**Action item**
Print verbatim every line starting at the one that contains "(intro not_dvd_two_pow_plus) auto" and ending at the final line of the records; include both endpoints.

*** Given entries Section Begins ***

text \<open>If it were constant \<open>= \<tau> + 1\<close> there, the sum of \<open>tr v \<cdot> v^q\<close> over the circle
  would vanish by the power-sum lemma, whereas expanding the trace gives
  \<open>\<Sum> v^(q+1) = (q + 1) r = r \<noteq> 0\<close> (all other exponents \<open>2^i + q\<close> are not multiples of \<open>q + 1\<close>).\<close>
lemma trace_takes_value_on_circle:
  assumes "r \<in> Fq_star" "\<tau> = 0 \<or> \<tau> = 1"
  shows "\<exists>v. v^(q+1) = r \<and> tr v = \<tau>"
proof (rule ccontr)
  assume "\<not> ?thesis"
  hence "tr v = \<tau> + 1" if "v \<in> norm_circle r" for v
    using that tr_zero_or_one[of v] assms(2) unfolding norm_circle_def
    by (auto simp: one_plus_one)
  hence "(\<Sum>v\<in>norm_circle r. tr v * v^q) = (\<tau> + 1) * (\<Sum>v\<in>norm_circle r. v^q)"
    by (simp add: sum_distrib_left)
  also have "(\<Sum>v\<in>norm_circle r. v^q) = 0"
    by (rule power_sum_norm_circle) (use q_ge4 in \<open>auto dest: dvd_imp_le\<close>)
  finally have sum0: "(\<Sum>v\<in>norm_circle r. tr v * v^q) = 0" by simp
  let ?f = "\<lambda>i. \<Sum>v\<in>norm_circle r. v^(2^i + q)"
  have "(\<Sum>v\<in>norm_circle r. tr v * v^q) = (\<Sum>i<2*m. ?f i)"
    unfolding tr_def by (simp add: sum_distrib_right power_add sum.swap[of _ _ "norm_circle r"])
  also have "\<dots> = ?f 0 + (\<Sum>i<2*m-1. ?f (Suc i))"
    using sum.lessThan_Suc_shift[of ?f "2*m-1"] m_ge2 by (simp add: Suc_diff_Suc)
  also have "(\<Sum>i<2*m-1. ?f (Suc i)) = 0"
  proof (rule sum.neutral, rule ballI)
    fix i assume "i \<in> {..<2*m-1}"
    hence "\<not> (q+1) dvd (2^(Suc i) + q)" by (intro not_dvd_two_pow_plus) auto
    thus "?f (Suc i) = 0" by (intro power_sum_norm_circle) simp_all
  qed
  also have "?f 0 = (\<Sum>v\<in>norm_circle r. r)" unfolding norm_circle_def by (simp add: add.commute)
  also have "\<dots> = r" using card_norm_circle[OF assms(1)] of_nat_q_plus_one by simp
  finally show False using sum0 assms(1) unfolding Fq_star_def by simp
qed

definition norm_points :: "('a \<times> 'a \<times> 'a) set \<Rightarrow> 'a \<Rightarrow> ('a \<times> 'a) set" where
  "norm_points \<Omega> u = {(x, y). (x, y, 1) \<in> \<Omega> \<and> x^(q+1) = u}"

lemma norm_points_mono: "\<Omega> \<subseteq> \<Omega>' \<Longrightarrow> norm_points \<Omega> u \<subseteq> norm_points \<Omega>' u"
  unfolding norm_points_def by auto

text \<open>Finiteness is automatic since the field is finite.\<close>
lemma two_le_card_norm_points:
  assumes "(x1,y1) \<noteq> (x2,y2)" "(x1,y1) \<in> norm_points \<Omega> u" "(x2,y2) \<in> norm_points \<Omega> u"
  shows "2 \<le> card (norm_points \<Omega> u)"
  using two_le_card[OF finite assms(2,3,1)] .

lemma two_le_card_norm_points_by_lifts:
  assumes "u \<in> Fq_star" and "\<And>x. x \<in> norm_circle u - {p} \<Longrightarrow> (x, Y x, 1) \<in> \<Omega>"
  shows "2 \<le> card (norm_points \<Omega> u)"
proof -
  let ?lift = "\<lambda>x. (x, Y x)"
  have "?lift ` (norm_circle u - {p}) \<subseteq> norm_points \<Omega> u"
    using assms(2) unfolding norm_points_def norm_circle_def by auto
  moreover have "inj_on ?lift (norm_circle u - {p})" by (auto simp: inj_on_def)
  ultimately have "card (norm_circle u - {p}) \<le> card (norm_points \<Omega> u)"
    by (metis card_inj_on_le finite)
  moreover have "q \<le> card (norm_circle u - {p})"
    using card_norm_circle[OF assms(1)] by (simp add: card_Diff_singleton_if)
  ultimately show ?thesis using q_ge4 by simp
qed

*** Given entries Section Ends ***

**Solution to this problem**
    hence "\<not> (q+1) dvd (2^(Suc i) + q)" by (intro not_dvd_two_pow_plus) auto
    thus "?f (Suc i) = 0" by (intro power_sum_norm_circle) simp_all
  qed
  also have "?f 0 = (\<Sum>v\<in>norm_circle r. r)" unfolding norm_circle_def by (simp add: add.commute)
  also have "\<dots> = r" using card_norm_circle[OF assms(1)] of_nat_q_plus_one by simp
  finally show False using sum0 assms(1) unfolding Fq_star_def by simp
qed

definition norm_points :: "('a \<times> 'a \<times> 'a) set \<Rightarrow> 'a \<Rightarrow> ('a \<times> 'a) set" where
  "norm_points \<Omega> u = {(x, y). (x, y, 1) \<in> \<Omega> \<and> x^(q+1) = u}"

lemma norm_points_mono: "\<Omega> \<subseteq> \<Omega>' \<Longrightarrow> norm_points \<Omega> u \<subseteq> norm_points \<Omega>' u"
  unfolding norm_points_def by auto

text \<open>Finiteness is automatic since the field is finite.\<close>
lemma two_le_card_norm_points:
  assumes "(x1,y1) \<noteq> (x2,y2)" "(x1,y1) \<in> norm_points \<Omega> u" "(x2,y2) \<in> norm_points \<Omega> u"
  shows "2 \<le> card (norm_points \<Omega> u)"
  using two_le_card[OF finite assms(2,3,1)] .

lemma two_le_card_norm_points_by_lifts:
  assumes "u \<in> Fq_star" and "\<And>x. x \<in> norm_circle u - {p} \<Longrightarrow> (x, Y x, 1) \<in> \<Omega>"
  shows "2 \<le> card (norm_points \<Omega> u)"
proof -
  let ?lift = "\<lambda>x. (x, Y x)"
  have "?lift ` (norm_circle u - {p}) \<subseteq> norm_points \<Omega> u"
    using assms(2) unfolding norm_points_def norm_circle_def by auto
  moreover have "inj_on ?lift (norm_circle u - {p})" by (auto simp: inj_on_def)
  ultimately have "card (norm_circle u - {p}) \<le> card (norm_points \<Omega> u)"
    by (metis card_inj_on_le finite)
  moreover have "q \<le> card (norm_circle u - {p})"
    using card_norm_circle[OF assms(1)] by (simp add: card_Diff_singleton_if)
  ultimately show ?thesis using q_ge4 by simp
qed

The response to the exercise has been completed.